LncRNAs exert biological roles through various mechanisms related to DNA, RNA, and protein. 4 The family of prostate cancer‐associated transcript has been reported to play crucial roles in human cancer progression. 2 , 31 , 71 , 72 , 73 , 74 , 75 , 76 Emerging evidence has revealed the function of PCAT1, 3, 5, 7, 14, and 19 in PCa. 2 , 31 , 72 , 73 , 74 , 77 Through analyzing public databases, we found that PCAT1, 6, and 7 were dysregulated in multiple databases, indicating that they were more likely to regulate BM of PCa. However, our previous study reported that PCAT7 promoted PCa BM via activation of TGF‐β pathway. 2 Shang et al found that PCAT1 enhanced PCa progression through interacting with FKBP51 to activate AKT and NF‐κB pathways. 31 Hence, the function of PCAT6 in PCa BM was explored in this study. Nonetheless, further study should focus on the potential role of other members of PCAT family in PCa BM. Previous studies showed that PCAT6 mainly acted as an endogenous competitive RNA by sponging miRNAs to enhance tumor progression. 30 , 71 , 78 PCAT6 participated in cholangiocarcinoma development by endogenously competing with miR‐330‐5p. 78 PCAT6 induced colorectal cancer resistance to 5‐fluorouracil‐based chemotherapy by sponging miR‐204 and activating the HMGA2 pathway. 30 Nevertheless, PCAT6 has also been reported to bind to the proteins. Shi et al. found that PCAT6 could directly interact with EZH2 and repress LATS2 transcription in non‐small‐cell lung cancer. 33 In this study, our results indicated that PCAT6 directly interacted with IGF2BP2. Meanwhile, our findings also revealed the direct interaction between the PCAT6 transcript and IGF1R mRNA. Therefore, PCAT6 could regulate IGF1R mRNA stability through the formation of the PCAT6/IGF2BP2/IGF1R complex. Additionally, the silver staining showed that there were also other proteins with 35, 45, and 60 kDa, which may interact with PCAT6 and mediate PCAT6 function. Further investigation should address the role of these proteins in PCAT6 function. Collectively, these results identify a new mechanism by which PCAT6 upregulates the stability of IGF1R mRNA through interacting with IGF2BP2, revealing an important role of lncRNAs in RNA metabolism.

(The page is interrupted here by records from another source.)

lemma ginv_monopole:
  assumes "\<alpha> \<noteq> 0" "p \<in> monopole_M"
  shows "ginv \<alpha> p i j = monopole_ginv \<alpha> p i j"
proof -
  have "matrix_inv (gmat \<alpha> p) = (\<chi> i j. monopole_ginv \<alpha> p i j)"
    by (rule matrix_inv_unique)
      (use assms monopole_M_nonzero[OF assms(2)] in
        \<open>auto simp: matrix_matrix_mult_def gmat_def gm_def monopole_ginv_def mat_def
                    vec_eq_iff forall_4 sum_4\<close>)
  then show ?thesis by (simp add: ginv_def)
qed

definition monopole_metric_deriv :: "real^4 \<Rightarrow> 4 \<Rightarrow> 4 \<Rightarrow> 4 \<Rightarrow> real" where
  "monopole_metric_deriv p j m i =
     (if m \<noteq> i then 0
      else if j = 2 \<and> m = 3 then 2 * p$2
      else if j = 2 \<and> m = 4 then 2 * p$2 * (sin (p$3))^2
      else if j = 3 \<and> m = 4 then 2 * (p$2)^2 * sin (p$3) * cos (p$3)
      else 0)"

lemma pd_gm: "pd j (\<lambda>q. gm \<alpha> q m i) p = monopole_metric_deriv p j m i"
  unfolding pd_def gm_def monopole_metric_deriv_def
  by (cases j rule: cases_4; cases m rule: cases_4; cases i rule: cases_4;
      simp; (rule DERIV_imp_deriv; auto intro!: derivative_eq_intros simp: power2_eq_square)?)

definition monopole_christoffel :: "real \<Rightarrow> real \<Rightarrow> real \<Rightarrow> 4 \<Rightarrow> 4 \<Rightarrow> 4 \<Rightarrow> real" where
  "monopole_christoffel \<alpha> r \<theta> l i j =
     (if l = 2 \<and> i = 3 \<and> j = 3 then -(\<alpha>^2 * r)
      else if l = 2 \<and> i = 4 \<and> j = 4 then -(\<alpha>^2 * r * (sin \<theta>)^2)
      else if l = 3 \<and> ((i = 2 \<and> j = 3) \<or> (i = 3 \<and> j = 2)) then 1/r
      else if l = 3 \<and> i = 4 \<and> j = 4 then -(sin \<theta> * cos \<theta>)
      else if l = 4 \<and> ((i = 2 \<and> j = 4) \<or> (i = 4 \<and> j = 2)) then 1/r
      else if l = 4 \<and> ((i = 3 \<and> j = 4) \<or> (i = 4 \<and> j = 3)) then cos \<theta> / sin \<theta>
      else 0)"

Cancer cell metastasis to bone is a complicated multiple‐stage process and increased invasiveness is one crucial initial stage in tumor metastasis. In our study, PCAT6 promoted PCa cell invasion and migration by upregulating IGF1R expression. IGF1R has been revealed to regulate cancer cell invasion and migration in multiple human cancers. 42 , 43 , 79 , 80 , 81 , 82 Sekharam et al. reported that IGF1R promoted invasion in colon cancer cells by activating the Akt/Bcl‐x(L) pathway. 42 Activation of the IGF1R/STAT3 signaling axis contributes to enhanced invasion and migration in ovarian cancer. 79 Additionally, the colonization, survival, and proliferation of cancer cells in the bone are also critical for BM. 46 IGF/IGF1R signaling is implicated in cancer cell colonization, survival, and proliferation in bone for multiple cancers, including neuroblastoma, PCa, and breast cancer. 41 , 42 , 43 , 47 The levels of IGF‐I and ‐II in bone were higher than those in other organs of the human body, 46 so PCa cells with high expression of IGF1R tended to metastasize to bone and developed metastatic bone tumors. PI3K/AKT and NF‐κB signaling are commonly accepted to be two effector pathways that are responsible for IGF/IGF1R signaling‐mediated BM in PCa. 83 This study revealed that PI3K/AKT and NF‐κB signaling were inhibited in PCAT6‐knockdown PCa cells and mouse subcutaneous tumors, similar to previous findings. Overall, IGF/IGF1R signaling is critical in PCAT6‐induced BM of PCa, which suggests that anti‐IGF1R antibody 47 or antisense RNA 43 may be a potentially effective therapeutic strategy for PCa patients with increased PCAT6 expression.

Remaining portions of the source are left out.